# To Snake or Not to Snake



## 5onthefloor (Sep 13, 2017)

Get a call yesterday for a backed up main line. Had backed up last Thursday so I pull the main CO, full of water. I'm about to cable from there when I see wet spot near city CO. I pop that off and it's full of water. So I had a choice. Snake it since I already pulled out the machine, or tell HO to call the City. 
I decide what the hell, I'll see what's going on. At first I'm thinking it's a test ball, house is new but then I pull out a ton of rags. Keep running cable and keep getting hung up at same spot. Pull my cable and the blade and end are shiny like armor. U know what that means. Didn't have a camera but I'm guessing that line is broken. Gonna camera it later we might have to do the repair esp if it was damaged by another contractor and even though it's on city side.
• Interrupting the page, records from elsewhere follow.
lemma nn_integral_gauss_prod_lr_mult:
  "(\<integral>\<^sup>+ x. ennreal (gauss_prod_lr n a \<nu> x * gauss_prod_lr n b \<nu> x) \<partial>gauss_prod n \<nu>)
    = ennreal (exp (\<Sum>i<n. a i * b i))"
proof -
  have "(\<integral>\<^sup>+ x. ennreal (gauss_prod_lr n a \<nu> x * gauss_prod_lr n b \<nu> x) \<partial>gauss_prod n \<nu>)
      = (\<integral>\<^sup>+ x. (\<Prod>i<n. ennreal (gauss_lr (a i) \<nu> (x i) * gauss_lr (b i) \<nu> (x i))) \<partial>gauss_prod n \<nu>)"
    by (simp add: gauss_prod_lr_def prod.distrib prod_ennreal gauss_lr_pos less_imp_le)
  also have "\<dots> = (\<Prod>i<n. \<integral>\<^sup>+ y. ennreal (gauss_lr (a i) \<nu> y * gauss_lr (b i) \<nu> y) \<partial>normal_measure \<nu>)"
    unfolding gauss_prod_def
    by (intro product_sigma_finite.product_nn_integral_prod[OF product_sigma_finite_normal]) auto
  also have "\<dots> = ennreal (exp (\<Sum>i<n. a i * b i))"
    by (simp add: nn_integral_gauss_lr_mult prod_ennreal exp_sum)
  finally show ?thesis .
qed

lemma nn_integral_gauss_lr_mixture_square:
  assumes "\<And>I. 0 \<le> w I"
  shows "(\<integral>\<^sup>+ x. ennreal ((\<Sum>I\<in>S. w I * gauss_prod_lr n (a I) \<nu> x)\<^sup>2) \<partial>gauss_prod n \<nu>)
    = ennreal (\<Sum>I\<in>S. \<Sum>J\<in>S. w I * w J * exp (\<Sum>i<n. a I i * a J i))"
proof -
  have "(\<Sum>I\<in>S. w I * gauss_prod_lr n (a I) \<nu> x)\<^sup>2
      = (\<Sum>I\<in>S. \<Sum>J\<in>S. w I * w J * (gauss_prod_lr n (a I) \<nu> x * gauss_prod_lr n (a J) \<nu> x))" for x
    by (simp add: power2_eq_square sum_product mult_ac)
  then have "(\<integral>\<^sup>+ x. ennreal ((\<Sum>I\<in>S. w I * gauss_prod_lr n (a I) \<nu> x)\<^sup>2) \<partial>gauss_prod n \<nu>)
      = (\<Sum>I\<in>S. \<Sum>J\<in>S. ennreal (w I * w J) *
          (\<integral>\<^sup>+ x. ennreal (gauss_prod_lr n (a I) \<nu> x * gauss_prod_lr n (a J) \<nu> x) \<partial>gauss_prod n \<nu>))"
    using assms
    by (simp add: gauss_prod_lr_nonneg ennreal_mult sum_nonneg nn_integral_sum nn_integral_cmult
        flip: sum_ennreal)
  also have "\<dots> = ennreal (\<Sum>I\<in>S. \<Sum>J\<in>S. w I * w J * exp (\<Sum>i<n. a I i * a J i))"
    using assms by (simp add: nn_integral_gauss_prod_lr_mult ennreal_mult sum_nonneg flip: sum_ennreal)
  finally show ?thesis .
qed

section \<open>The planted law as a Gaussian mixture\<close>

lemma distr_pair_pmf_eq_density_mixture:
  fixes p :: "'b pmf" and L :: "'b \<Rightarrow> 'a \<Rightarrow> real"
  assumes fin: "finite (set_pmf p)"
    and g[measurable]: "case_prod g \<in> measurable (M \<Otimes>\<^sub>M measure_pmf p) N"
    and sets_P: "sets P = sets N"
    and L[measurable]: "\<And>I. L I \<in> borel_measurable P" and L_nonneg: "\<And>I x. 0 \<le> L I x"
    and component: "\<And>I. I \<in> set_pmf p \<Longrightarrow> distr M N (\<lambda>x. g x I) = density P (\<lambda>x. ennreal (L I x))"
  shows "distr (M \<Otimes>\<^sub>M measure_pmf p) N (case_prod g)
    = density P (\<lambda>x. ennreal (\<Sum>I\<in>set_pmf p. pmf p I * L I x))"
proof (rule measure_eqI)
  show "sets (distr (M \<Otimes>\<^sub>M measure_pmf p) N (case_prod g))
      = sets (density P (\<lambda>x. ennreal (\<Sum>I\<in>set_pmf p. pmf p I * L I x)))"
    using sets_P by simp
  fix A
  assume "A \<in> sets (distr (M \<Otimes>\<^sub>M measure_pmf p) N (case_prod g))"
  then have A[measurable]: "A \<in> sets N"
    by simp
  have g_I[measurable]: "(\<lambda>x. g x I) \<in> measurable M N" for I
    using measurable_compose[OF measurable_Pair2' g] by simp
  have "emeasure (distr (M \<Otimes>\<^sub>M measure_pmf p) N (case_prod g)) A = (\<integral>\<^sup>+ z. indicator A (case_prod g z) \<partial>(M \<Otimes>\<^sub>M measure_pmf p))"
    by (simp flip: nn_integral_distr[OF g])
  also have "\<dots> = (\<integral>\<^sup>+ x. \<integral>\<^sup>+ I. indicator A (g x I) \<partial>measure_pmf p \<partial>M)"
  proof -
    have "(\<lambda>z. indicator A (case_prod g z) :: ennreal) \<in> borel_measurable (M \<Otimes>\<^sub>M measure_pmf p)"
      by measurable
    from measure_pmf.nn_integral_fst[OF this] show ?thesis
      by simp
  qed
  also have "\<dots> = (\<integral>\<^sup>+ x. (\<Sum>I\<in>set_pmf p. ennreal (pmf p I) * indicator A (g x I)) \<partial>M)"
    using fin by (simp add: nn_integral_measure_pmf_finite mult.commute)
  also have "\<dots> = (\<Sum>I\<in>set_pmf p. ennreal (pmf p I) * emeasure (distr M N (\<lambda>x. g x I)) A)"
    by (simp add: nn_integral_sum nn_integral_cmult flip: nn_integral_distr[OF g_I])
  also have "\<dots> = (\<Sum>I\<in>set_pmf p. ennreal (pmf p I) * (\<integral>\<^sup>+ x. ennreal (L I x) * indicator A x \<partial>P))"
    using sets_P by (simp add: component emeasure_density)
  also have "\<dots> = (\<integral>\<^sup>+ x. (\<Sum>I\<in>set_pmf p. ennreal (pmf p I) * (ennreal (L I x) * indicator A x)) \<partial>P)"
    using sets_P by (simp add: nn_integral_sum nn_integral_cmult)
  also have "\<dots> = (\<integral>\<^sup>+ x. ennreal (\<Sum>I\<in>set_pmf p. pmf p I * L I x) * indicator A x \<partial>P)"
    using L_nonneg by (simp add: ennreal_mult sum_distrib_right mult.assoc flip: sum_ennreal)
  also have "\<dots> = emeasure (density P (\<lambda>x. ennreal (\<Sum>I\<in>set_pmf p. pmf p I * L I x))) A"
    using sets_P by (simp add: emeasure_density)
  finally show "emeasure (distr (M \<Otimes>\<^sub>M measure_pmf p) N (case_prod g)) A = \<dots>" .
qed

lemma set_pmf_rand_subset:
  "k \<le> n \<Longrightarrow> set_pmf (rand_subset n k) = {I. I \<subseteq> {..<n} \<and> card I = k}"
  unfolding rand_subset_def
  by (rule set_pmf_of_set) (auto intro!: exI[of _ "{..<k}"])

lemma pmf_rand_subset:
  assumes "I \<subseteq> {..<n}" "card I = k"
  shows "pmf (rand_subset n k) I = 1 / real (n choose k)"
  unfolding rand_subset_def using assms by (subst pmf_of_set) (auto simp: n_subsets)

lemma measurable_planted_shift[measurable]:
  "(\<lambda>(x, I). \<lambda>i\<in>{..<n}. x i + \<delta> * indicator I i)
    \<in> measurable (gauss_prod n \<mu> \<Otimes>\<^sub>M measure_pmf p) (gauss_prod n \<mu>)"
proof -
  have [measurable]: "Measurable.pred (M \<Otimes>\<^sub>M measure_pmf p) (\<lambda>z. i \<in> snd z)" for M :: "'a measure" and i
    by (rule measurable_compose[OF measurable_snd]) simp
  show ?thesis
    unfolding gauss_prod_def by measurable
qed

lemma prob_space_planted_law: "prob_space (planted_law n k \<mu> \<delta>)"
  unfolding planted_law_def
  by (intro prob_space.prob_space_distr prob_space_pair prob_space_measure_pmf prob_space_gauss_prod
      measurable_planted_shift)

lemma planted_law_eq_density:
  assumes "k \<le> n"
  shows "planted_law n k \<mu> \<delta> = density (gauss_prod n \<nu>) (\<lambda>x. ennreal
    (\<Sum>I\<in>set_pmf (rand_subset n k). pmf (rand_subset n k) I * gauss_prod_lr n (\<lambda>i. \<mu> + \<delta> * indicator I i - \<nu>) \<nu> x))"
  unfolding planted_law_def
proof (rule distr_pair_pmf_eq_density_mixture)
  show "finite (set_pmf (rand_subset n k))"
    using assms by (simp add: set_pmf_rand_subset)
  show "sets (gauss_prod n \<nu>) = sets (gauss_prod n \<mu>)"
    by (simp add: gauss_prod_eq_means sets_gauss_prod_means)
  show "distr (gauss_prod n \<mu>) (gauss_prod n \<mu>) (\<lambda>x. \<lambda>i\<in>{..<n}. x i + \<delta> * indicator I i)
      = density (gauss_prod n \<nu>) (\<lambda>x. ennreal (gauss_prod_lr n (\<lambda>i. \<mu> + \<delta> * indicator I i - \<nu>) \<nu> x))" for I
    by (simp add: distr_gauss_prod_shift density_gauss_prod_lr)
qed (auto simp: gauss_prod_lr_nonneg)

lemma chi2_div_planted_law:
  assumes "k \<le> n"
  defines "p \<equiv> rand_subset n k"
  shows "chi2_div (planted_law n k \<mu> \<delta>) (gauss_prod n \<nu>) + 1
    = ennreal (\<Sum>I\<in>set_pmf p. \<Sum>J\<in>set_pmf p. pmf p I * pmf p J *
        exp (\<Sum>i<n. (\<mu> + \<delta> * indicator I i - \<nu>) * (\<mu> + \<delta> * indicator J i - \<nu>)))"
proof -
  define f where "f x = (\<Sum>I\<in>set_pmf p. pmf p I * gauss_prod_lr n (\<lambda>i. \<mu> + \<delta> * indicator I i - \<nu>) \<nu> x)"
    for x
  have Q: "planted_law n k \<mu> \<delta> = density (gauss_prod n \<nu>) (\<lambda>x. ennreal (f x))"
    unfolding f_def p_def by (rule planted_law_eq_density[OF assms(1)])
  have "chi2_div (planted_law n k \<mu> \<delta>) (gauss_prod n \<nu>) + 1 = (\<integral>\<^sup>+ x. ennreal ((f x)\<^sup>2) \<partial>gauss_prod n \<nu>)"
    unfolding Q
  proof (rule chi2_div_density)
    show "prob_space (density (gauss_prod n \<nu>) (\<lambda>x. ennreal (f x)))"
      using prob_space_planted_law by (simp flip: Q)
  qed (auto simp: prob_space_gauss_prod f_def gauss_prod_lr_nonneg sum_nonneg)
  also have "\<dots> = ennreal (\<Sum>I\<in>set_pmf p. \<Sum>J\<in>set_pmf p. pmf p I * pmf p J *
      exp (\<Sum>i<n. (\<mu> + \<delta> * indicator I i - \<nu>) * (\<mu> + \<delta> * indicator J i - \<nu>)))"
    unfolding f_def by (rule nn_integral_gauss_lr_mixture_square) simp
  finally show ?thesis .
qed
Shoulda taken more pics sometimes I forget









Sent from my SM-G930V using Tapatalk


----------



## OpenSights (Mar 23, 2015)

Interesting. Here, the HO is responsible for their sewer line up to and including the hub attaching to the city sewer. Road cut permit is anywhere from $500-1k and the HO is responsible for repairing both. Sidewalk hole must be filled with crushed concrete.


----------



## 5onthefloor (Sep 13, 2017)

OpenSights said:


> Interesting. Here, the HO is responsible for their sewer line up to and including the hub attaching to the city sewer. Road cut permit is anywhere from $500-1k and the HO is responsible for repairing both. Sidewalk hole must be filled with crushed concrete.


Not here. Their line stops at the city CO. It might be a weird deal since the line is so new. We still might end up fixing it but gotta find out what's going on first.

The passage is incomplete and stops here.